Objectives Hematocrit values alone are not reliable for diagnosis of PCV owing to possible masking consequent to plasma volume (PV) expansion. We studied the role of in vitro 51-Cr-labelled RBC mass estimation technique in confirming the diagnosis of PCV in clinically suspected cases where hematocrit values were inconclusive.

Methods 111 patients (97 male and 14 female) with clinically suspected PCV underwent a 51Cr-labelled RBC mass (RCM) estimation study. In vitro labeling was done with 1.5-3.5 kBq of 51-Cr and samples were counted in a calibrated well counter. The estimated values were compared with the reference standard values of 25 and 30 ml/kg for females and males respectively for RCM, while that for PV 40 and 39 ml/kg.
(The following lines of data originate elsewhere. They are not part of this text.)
lemma compile_preD:
  assumes "compile_pre ins out b R"
  shows "\<forall>x\<in>set ins. x < b \<and> 0 \<le> R ! x" "out < b" "out \<noteq> zero_reg" "out \<noteq> one_reg"
    "zero_reg < b" "one_reg < b" "R ! zero_reg = 0" "R ! one_reg = 1"
  using assms by (auto simp: compile_pre_def regs_ready_def)

text \<open>The registers after \<open>j\<close> rounds of the loop compiled for \<open>Pr\<close>, resp. \<open>Mn\<close>.\<close>
definition pr_state :: "recf \<Rightarrow> nat \<Rightarrow> nat list \<Rightarrow> int list \<Rightarrow> nat \<Rightarrow> int list \<Rightarrow> bool" where
  "pr_state h b xs R j R' \<longleftrightarrow> length R' = length R \<and> (\<forall>x<b. R' ! x = R ! x) \<and> R' ! b = int j
     \<and> 0 \<le> R' ! (b + 1) \<and> rec_eval h (j # reg_vals R xs) (nat (R' ! (b + 1)))"

definition mn_state :: "recf \<Rightarrow> nat \<Rightarrow> nat list \<Rightarrow> int list \<Rightarrow> nat \<Rightarrow> int list \<Rightarrow> bool" where
  "mn_state f b ins R j R' \<longleftrightarrow> length R' = length R \<and> (\<forall>x<b. R' ! x = R ! x) \<and> R' ! b = int j
     \<and> (\<forall>m<j. \<exists>y. rec_eval f (m # reg_vals R ins) y \<and> y \<noteq> 0)"

definition compile_sound :: "recf \<Rightarrow> bool" where
  "compile_sound f \<longleftrightarrow> (\<forall>ins out b R R'. exec (compile f ins out b) R R' \<longrightarrow> compile_pre ins out b R
     \<longrightarrow> b + scratch f \<le> length R \<longrightarrow> length R' = length R \<and> 0 \<le> R' ! out
       \<and> rec_eval f (reg_vals R ins) (nat (R' ! out)) \<and> (\<forall>x<b. x \<noteq> out \<longrightarrow> R' ! x = R ! x))"

lemma compile_soundD:
  "compile_sound f \<Longrightarrow> exec (compile f ins out b) R R' \<Longrightarrow> compile_pre ins out b R
    \<Longrightarrow> b + scratch f \<le> length R \<Longrightarrow> length R' = length R \<and> 0 \<le> R' ! out
      \<and> rec_eval f (reg_vals R ins) (nat (R' ! out)) \<and> (\<forall>x<b. x \<noteq> out \<longrightarrow> R' ! x = R ! x)"
  unfolding compile_sound_def by blast

lemma compile_sound_Zr: "compile_sound Zr"
  unfolding compile_sound_def by (auto simp: compile_pre_def regs_ready_def intro: rec_eval.zr)

lemma compile_sound_Sc: "compile_sound Sc"
  unfolding compile_sound_def
proof (intro allI impI)
  fix ins out b R R'
  assume exec: "exec (compile Sc ins out b) R R'" and pre: "compile_pre ins out b R"
    and len: "b + scratch Sc \<le> length R"
  then obtain x xs where ins: "ins = x # xs" by (cases ins) auto
  with exec have R': "R' = R[out := R ! x + R ! one_reg]"
    using len compile_preD(2,4)[OF pre] by simp
  have "x < b" "0 \<le> R ! x" using compile_preD(1)[OF pre] ins by auto
  then show "length R' = length R \<and> 0 \<le> R' ! out \<and> rec_eval Sc (reg_vals R ins) (nat (R' ! out))
      \<and> (\<forall>y<b. y \<noteq> out \<longrightarrow> R' ! y = R ! y)"
    using compile_preD[OF pre] len ins R' rec_eval.sc[of "nat (R ! x)"]
    by (simp add: nat_add_distrib)
qed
Results Mean hemoglobin of 97 males was 16.86 ± 1.69 (range=13.8 - 23, median=16.8). Mean hematocrit was 0.51 ± 0.06 (range=0.41 - 0.71, median= 0.5). Of these, 31 patients had an increased RCM of which 20 patients had normal PV (absolute polycythemia) while 10 had an increased PV (Polycythemia with PV expansion) and 1 patient had a decreased PV (apparent/relative polycythemia). 18 patients had an increased PV with normal RCM. Mean hemoglobin of 14 females was 15.88 ± 2.37 (range=12.3 - 22, median=15.9), mean hematocrit was 0.51 ± 0.09 (range=0.37 - 0.74, 0.5). 7 patients had an increased RCM of which 4 patients had normal PV (absolute PCV) while 2 had an increased PV (PCV with PV expansion) and 1 patient had a decreased PV with normal RCM (apparent/relative polycythemia). 27 out of 111 patients, had haematocrit < 60 % but elevated RCM.
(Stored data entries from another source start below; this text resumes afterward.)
(* Let $X_1,\dots,X_d$ be disjoint finite nonempty sets, $X$ their product, $S\subseteq[d]$ with $|S|\ge 2$, and $Z\subseteq X$ such that $\pi_{[d]-S}(Z)$ is a single point. Let $\delta>0$ with $|Z|\ge \delta\cdot|\pi_S(X)|$, and suppose $|X_i|\ge n$ for every $i\in S$. Then for every $\epsilon>0$, \[\frac{|\mathscr{G}_S(\epsilon, Z)|}{|\mathscr{G}_S(Z)|} \le \exp\left( |\pi_S(X)| \cdot \left(-\delta \epsilon^2 + 2^{|S|+2}\cdot n^{-1/2^{|S|}}\right)\right).\]
   Context: $[d]=\{1,\dots,d\}$; $\pi_T$ denotes projection of $X$ (or of $\overline{X}_S$) onto the factors indexed by $T$, so $\pi_S(X)=\prod_{i\in S}X_i$. $\overline{X}_S=\prod_{i=1}^d W_i$ with $W_i=X_i\times X_i$ for $i\in S$ and $W_i=X_i$ otherwise. For $\bar x\in\overline{X}_S$, $\widehat{x}(\emptyset)$ is the set of points $y\in X$ with $\pi_i(y)$ one of the two entries of the pair $\pi_i(\bar x)$ for $i\in S$ and $\pi_i(y)=\pi_i(\bar x)$ for $i\notin S$. For $F:Z\to\mathbb{F}_2$ define $dF$ on $\{\bar x\in\overline{X}_S:\widehat{x}(\emptyset)\subseteq Z\}$ by $dF(\bar x)=\sum_{x\in\widehat{x}(\emptyset)}F(x)$ if $|\widehat{x}(\emptyset)|=2^{|S|}$ and $dF(\bar x)=0$ otherwise. $\mathscr{G}_S(Z)$ is the set of all functions $dF$ as $F$ ranges over functions $Z\to\mathbb{F}_2$, and $\mathscr{G}_S(\epsilon,Z)$ is the set of $g\in\mathscr{G}_S(Z)$ expressible as $g=dF$ for some $F$ equal to $1$ on more than $(0.5+\epsilon)|Z|$ or fewer than $(0.5-\epsilon)|Z|$ points of $Z$. *)

theory Defs
  imports "HOL-Analysis.Analysis" "HOL-Library.FuncSet"
begin

text \<open>A point of Xbar_S is encoded as a pair (u,v) of points of X agreeing off S:
  the i-th coordinate is the pair (u i, v i) for i in S and the common value
  u i = v i otherwise. This is a bijective encoding of Xbar_S.
  F_2 is encoded by bool (True = 1); sums in F_2 become parity of a count.\<close>

definition Xprod :: "nat \<Rightarrow> (nat \<Rightarrow> 'a set) \<Rightarrow> (nat \<Rightarrow> 'a) set" where
  "Xprod d Xs = PiE {1..d} Xs"

definition proj :: "nat set \<Rightarrow> (nat \<Rightarrow> 'a) \<Rightarrow> (nat \<Rightarrow> 'a)" where
  "proj T x = restrict x T"

definition Xbar :: "nat \<Rightarrow> (nat \<Rightarrow> 'a set) \<Rightarrow> nat set \<Rightarrow> ((nat \<Rightarrow> 'a) \<times> (nat \<Rightarrow> 'a)) set" where
  "Xbar d Xs S = {(u, v). u \<in> Xprod d Xs \<and> v \<in> Xprod d Xs \<and> (\<forall>i\<in>{1..d} - S. u i = v i)}"

definition hatx :: "nat \<Rightarrow> (nat \<Rightarrow> 'a set) \<Rightarrow> nat set \<Rightarrow> (nat \<Rightarrow> 'a) \<times> (nat \<Rightarrow> 'a) \<Rightarrow> (nat \<Rightarrow> 'a) set" where
  "hatx d Xs S xb = {y \<in> Xprod d Xs. (\<forall>i\<in>S. y i = fst xb i \<or> y i = snd xb i)
                                      \<and> (\<forall>i\<in>{1..d} - S. y i = fst xb i)}"

text \<open>dF, defined on {xb in Xbar_S. hatx xb \<subseteq> Z}; extended by 0 (False) outside
  this (fixed) domain, so that distinct functions correspond to distinct dF.\<close>
definition dF :: "nat \<Rightarrow> (nat \<Rightarrow> 'a set) \<Rightarrow> nat set \<Rightarrow> (nat \<Rightarrow> 'a) set \<Rightarrow> ((nat \<Rightarrow> 'a) \<Rightarrow> bool)
                 \<Rightarrow> (nat \<Rightarrow> 'a) \<times> (nat \<Rightarrow> 'a) \<Rightarrow> bool" where
  "dF d Xs S Z F = (\<lambda>xb. if xb \<in> Xbar d Xs S \<and> hatx d Xs S xb \<subseteq> Z
                             \<and> card (hatx d Xs S xb) = 2 ^ card S
                          then odd (card {x \<in> hatx d Xs S xb. F x}) else False)"

definition GS :: "nat \<Rightarrow> (nat \<Rightarrow> 'a set) \<Rightarrow> nat set \<Rightarrow> (nat \<Rightarrow> 'a) set
                  \<Rightarrow> ((nat \<Rightarrow> 'a) \<times> (nat \<Rightarrow> 'a) \<Rightarrow> bool) set" where
  "GS d Xs S Z = (\<lambda>F. dF d Xs S Z F) ` (Z \<rightarrow>\<^sub>E (UNIV :: bool set))"

definition GS_eps :: "nat \<Rightarrow> (nat \<Rightarrow> 'a set) \<Rightarrow> nat set \<Rightarrow> real \<Rightarrow> (nat \<Rightarrow> 'a) set
                  \<Rightarrow> ((nat \<Rightarrow> 'a) \<times> (nat \<Rightarrow> 'a) \<Rightarrow> bool) set" where
  "GS_eps d Xs S \<epsilon> Z = {g. \<exists>F \<in> Z \<rightarrow>\<^sub>E (UNIV :: bool set). g = dF d Xs S Z F \<and>
      (real (card {z \<in> Z. F z}) > (1/2 + \<epsilon>) * real (card Z) \<or>
       real (card {z \<in> Z. F z}) < (1/2 - \<epsilon>) * real (card Z))}"

end

theory Submission
  imports Defs "HOL-Probability.Hoeffding"
begin

text \<open>Fix an ordering of Z and let D be the set of points of Z that are not the largest
  point of any full box, i.e. of any set hatx xb of 2^|S| points lying in Z. A function F on Z
  is recovered from dF F and its values on D, so |GS(Z)| \<ge> 2^(|Z| - |D|). Since D contains
  no full box and Z lies in a single fibre over the coordinates outside S, the projection of D
  to \<pi>_S(X) is a box-free set of the same size, and a Kovari-Sos-Turan type induction on |S|
  bounds it by 4 |\<pi>_S(X)| n^(-1/2^|S|). On the other hand every element of GS(\<epsilon>, Z) is
  dF F for an F that is \<epsilon>-unbalanced on Z, and by Hoeffding's inequality there are at most
  2 \<cdot> 2^|Z| exp(-2 \<epsilon>^2 |Z|) such F. Dividing the two counts and using |Z| \<ge> \<delta> |\<pi>_S(X)|
  gives the bound.\<close>

section \<open>Box-free sets\<close>

definition box_free :: "'i set \<Rightarrow> ('i \<Rightarrow> 'a) set \<Rightarrow> bool" where
  "box_free S D \<longleftrightarrow> (\<nexists>u v. (\<forall>i\<in>S. u i \<noteq> v i) \<and> PiE S (\<lambda>i. {u i, v i}) \<subseteq> D)"

lemma card_le_1_if_box_free_singleton:
  assumes "box_free {a} D" "D \<subseteq> PiE {a} Xs"
  shows "card D \<le> 1"
proof -
  have determined: "y = w" if "y \<in> PiE {a} B" "w \<in> PiE {a} C" "y a = w a" for y w B C
  proof
    fix i show "y i = w i" using that by (cases "i = a") (auto simp: PiE_iff extensional_def)
  qed
  have "u = v" if uv: "u \<in> D" "v \<in> D" for u v
  proof (rule ccontr)
    assume "u \<noteq> v"
    hence "u a \<noteq> v a" using uv assms(2) determined[of u Xs v Xs] by auto
    moreover have "PiE {a} (\<lambda>i. {u i, v i}) \<subseteq> D"
    proof
      fix y assume y: "y \<in> PiE {a} (\<lambda>i. {u i, v i})"
      have "y a = u a \<or> y a = v a" using y by auto
      hence "y = u \<or> y = v" using uv assms(2) determined[OF y, of u Xs] determined[OF y, of v Xs] by auto
      thus "y \<in> D" using uv by auto
    qed
    ultimately show False using assms(1) unfolding box_free_def by blast
  qed
  thus ?thesis by (metis card.infinite card_le_Suc0_iff_eq le0 One_nat_def)
qed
Conclusions RCM estimation is crucial for accurately diagnosing Polycythemia,in an appropriate clinical setting and only hemoglobin or hematocrit values cannot be relied upon. Moreover, in view of the findings of the Polycythemia Vera Study Group greater utility of RCM estimation appears to be in those patients with haematocrit less than 60 %.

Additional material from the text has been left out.